Doğu Berlin'deki siyasi gücün merkezi - Batı'da - Pankow olarak anılırdı (Almanya'daki Sovyet kuvvetlerinin komuta merkezi , Berlin'in doğusunda bir bölge olan Karlshorst'taydı .). Bununla birlikte, zamanla, "DDR" kısaltması, Batı Almanlar ve Batı Alman medyası tarafından giderek artan bir şekilde halk dilinde kullanılmaya başlandı.

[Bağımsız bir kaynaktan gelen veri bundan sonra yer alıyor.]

definition outer_circle_center :: "real \<times> real" where
  "outer_circle_center = (0, - (2 * b * c\<^sup>2 * s) / (a\<^sup>2 + (u\<^sup>2 - 2) * c\<^sup>2))"

definition outer_circle_radius :: real where
  "outer_circle_radius = c * (c\<^sup>2 * u\<^sup>2 - a\<^sup>2) / (a\<^sup>2 + (u\<^sup>2 - 2) * c\<^sup>2)"

lemma upper_vertex_on_vertex_circle:
  "on_circle vertex_circle_center vertex_circle_radius upper_vertex"
proof -
  have "(a * u)\<^sup>2 + (b * s - (c\<^sup>2 * u\<^sup>2 - a\<^sup>2 + 2 * b\<^sup>2) / (2 * b * s))\<^sup>2
      = ((a\<^sup>2 - c\<^sup>2 * u\<^sup>2) / (2 * b * s))\<^sup>2"
    using b_pos s_pos
    apply (simp add: field_simps)
    using s_sq c_sq by algebra
  then show ?thesis
    by (simp add: on_circle_def upper_vertex_def vertex_circle_center_def
        vertex_circle_radius_def)
qed

lemma lower_vertex_on_vertex_circle:
  "on_circle vertex_circle_center vertex_circle_radius lower_vertex"
proof -
  have "(a * w / (c\<^sup>2 * s))\<^sup>2 + (- (b^3) / (c\<^sup>2 * s) - (c\<^sup>2 * u\<^sup>2 - a\<^sup>2 + 2 * b\<^sup>2) / (2 * b * s))\<^sup>2
      = ((a\<^sup>2 - c\<^sup>2 * u\<^sup>2) / (2 * b * s))\<^sup>2"
    using b_pos s_pos c_pos
    apply (simp add: field_simps)
    using s_sq c_sq w_sq by algebra
  then show ?thesis
    by (simp add: on_circle_def lower_vertex_def vertex_circle_center_def
        vertex_circle_radius_def power2_eq_square)
qed

lemma focus_on_vertex_circle:
  "on_circle vertex_circle_center vertex_circle_radius (c, 0)"
proof -
  have "c\<^sup>2 + ((c\<^sup>2 * u\<^sup>2 - a\<^sup>2 + 2 * b\<^sup>2) / (2 * b * s))\<^sup>2 = ((a\<^sup>2 - c\<^sup>2 * u\<^sup>2) / (2 * b * s))\<^sup>2"
    using b_pos s_pos c_pos
    apply (simp add: field_simps)
    using s_sq c_sq by algebra
  then show ?thesis
    by (simp add: on_circle_def vertex_circle_center_def vertex_circle_radius_def)
qed

lemma outer_denominator_eq: "a\<^sup>2 + (u\<^sup>2 - 2) * c\<^sup>2 = b\<^sup>2 - c\<^sup>2 * s\<^sup>2"
  using c_sq s_sq by algebra

definition outer_vertex :: "real \<times> real" where
  "outer_vertex = (a * (w * s + b\<^sup>2 * u) / (b\<^sup>2 - c\<^sup>2 * s\<^sup>2),
                   b * (s * (b\<^sup>2 - c\<^sup>2) - u * w) / (b\<^sup>2 - c\<^sup>2 * s\<^sup>2))"

lemma vertices_not_parallel:
  assumes "b\<^sup>2 - c\<^sup>2 * s\<^sup>2 \<noteq> 0"
  shows "fst upper_vertex * snd lower_vertex \<noteq> snd upper_vertex * fst lower_vertex"
proof -
  have "(w * s - b\<^sup>2 * u) * (w * s + b\<^sup>2 * u) = w\<^sup>2 * s\<^sup>2 - b^4 * u\<^sup>2" by algebra
  also have "\<dots> = (c^4 * s\<^sup>2 - b^4) * s\<^sup>2 - b^4 * (1 - s\<^sup>2)" using w_sq s_sq by simp
  also have "\<dots> = (c\<^sup>2 * s\<^sup>2 - b\<^sup>2) * (c\<^sup>2 * s\<^sup>2 + b\<^sup>2)" by algebra
  moreover have "c\<^sup>2 * s\<^sup>2 + b\<^sup>2 > 0" using b_pos by (simp add: add_nonneg_pos)
  ultimately have "(w * s - b\<^sup>2 * u) * (w * s + b\<^sup>2 * u) \<noteq> 0"
    using assms by simp
  then have "w * s - b\<^sup>2 * u \<noteq> 0" by simp
  then show ?thesis
    using a_pos b_pos c_pos s_pos
    by (simp add: upper_vertex_def lower_vertex_def field_simps power2_eq_square power3_eq_cube)
qed

lemma outer_vertex_on_upper_tangent:
  assumes D: "b\<^sup>2 - c\<^sup>2 * s\<^sup>2 \<noteq> 0"
  shows "outer_vertex \<in> tangent_line a b upper_vertex"
proof -
  have "a * (w * s + b\<^sup>2 * u) / (b\<^sup>2 - c\<^sup>2 * s\<^sup>2) * (a * u) / a\<^sup>2
      + b * (s * (b\<^sup>2 - c\<^sup>2) - u * w) / (b\<^sup>2 - c\<^sup>2 * s\<^sup>2) * (b * s) / b\<^sup>2
      = (b\<^sup>2 * (u\<^sup>2 + s\<^sup>2) - c\<^sup>2 * s\<^sup>2) / (b\<^sup>2 - c\<^sup>2 * s\<^sup>2)"
    using a_pos b_pos D by (simp add: divide_simps) (simp add: algebra_simps power2_eq_square)
  also have "\<dots> = 1" using s_sq D by simp
  finally show ?thesis
    by (simp add: tangent_line_def outer_vertex_def upper_vertex_def)
qed

lemma outer_vertex_on_lower_tangent:
  assumes D: "b\<^sup>2 - c\<^sup>2 * s\<^sup>2 \<noteq> 0"
  shows "outer_vertex \<in> tangent_line a b lower_vertex"
proof -
  define D where "D = b\<^sup>2 - c\<^sup>2 * s\<^sup>2"
  have D0: "D \<noteq> 0" using assms D_def by simp
  have "a * (w * s + b\<^sup>2 * u) / D * (- (a * w) / (c\<^sup>2 * s)) / a\<^sup>2
      + b * (s * (b\<^sup>2 - c\<^sup>2) - u * w) / D * (- (b^3) / (c\<^sup>2 * s)) / b\<^sup>2
      = - (w\<^sup>2 * s + b^4 * s - b\<^sup>2 * c\<^sup>2 * s) / (D * c\<^sup>2 * s)"
    using a_pos b_pos c_pos s_pos D0
    by (simp add: field_simps power2_eq_square power3_eq_cube power4_eq_xxxx)
  also have "w\<^sup>2 * s + b^4 * s - b\<^sup>2 * c\<^sup>2 * s = - D * c\<^sup>2 * s"
    unfolding w_sq D_def by algebra
  also have "- (- D * c\<^sup>2 * s) / (D * c\<^sup>2 * s) = 1"
    using D0 c_pos s_pos by simp
  finally show ?thesis
    by (simp add: tangent_line_def outer_vertex_def lower_vertex_def D_def)
qed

Batı Almanlar tarafından kullanıldığında, Westdeutschland ( Batı Almanya ) neredeyse her zaman Batı Almanya'nın coğrafi bölgesine atıfta bulunan bir terimdi ve Federal Almanya Cumhuriyeti sınırları içindeki alana değil. Ancak, bu kullanım her zaman tutarlı değildi ve Batı Berlinliler Federal Cumhuriyeti belirtmek için Westdeutschland terimini sıklıkla kullandılar . İkinci Dünya Savaşı'ndan önce, Ostdeutschland (doğu Almanya), sosyolog Max Weber ve siyaset teorisyeni Carl Schmitt'in eserlerinde yansıtıldığı gibi , Elbe'nin ( Doğu Elbia ) doğusundaki tüm bölgeleri tanımlamak için kullanıldı .

Tarih

Potsdam Konferansı temelinde , Müttefikler Oder-Neisse hattının batısında Almanya'yı ortaklaşa işgal ettiler ve daha sonra bu işgal altındaki bölgeleri iki bağımsız ülke haline getirdiler. Açık gri: Polonya ve Sovyetler Birliği tarafından ilhak edilen bölgeler; koyu gri: Batı Almanya ( Batı Berlin dahil olmak üzere ABD, İngiltere ve Fransız işgal bölgelerinden oluşur ); kırmızı: Doğu Almanya ( Doğu Berlin de dahil olmak üzere Sovyet işgal bölgesinden kuruldu ).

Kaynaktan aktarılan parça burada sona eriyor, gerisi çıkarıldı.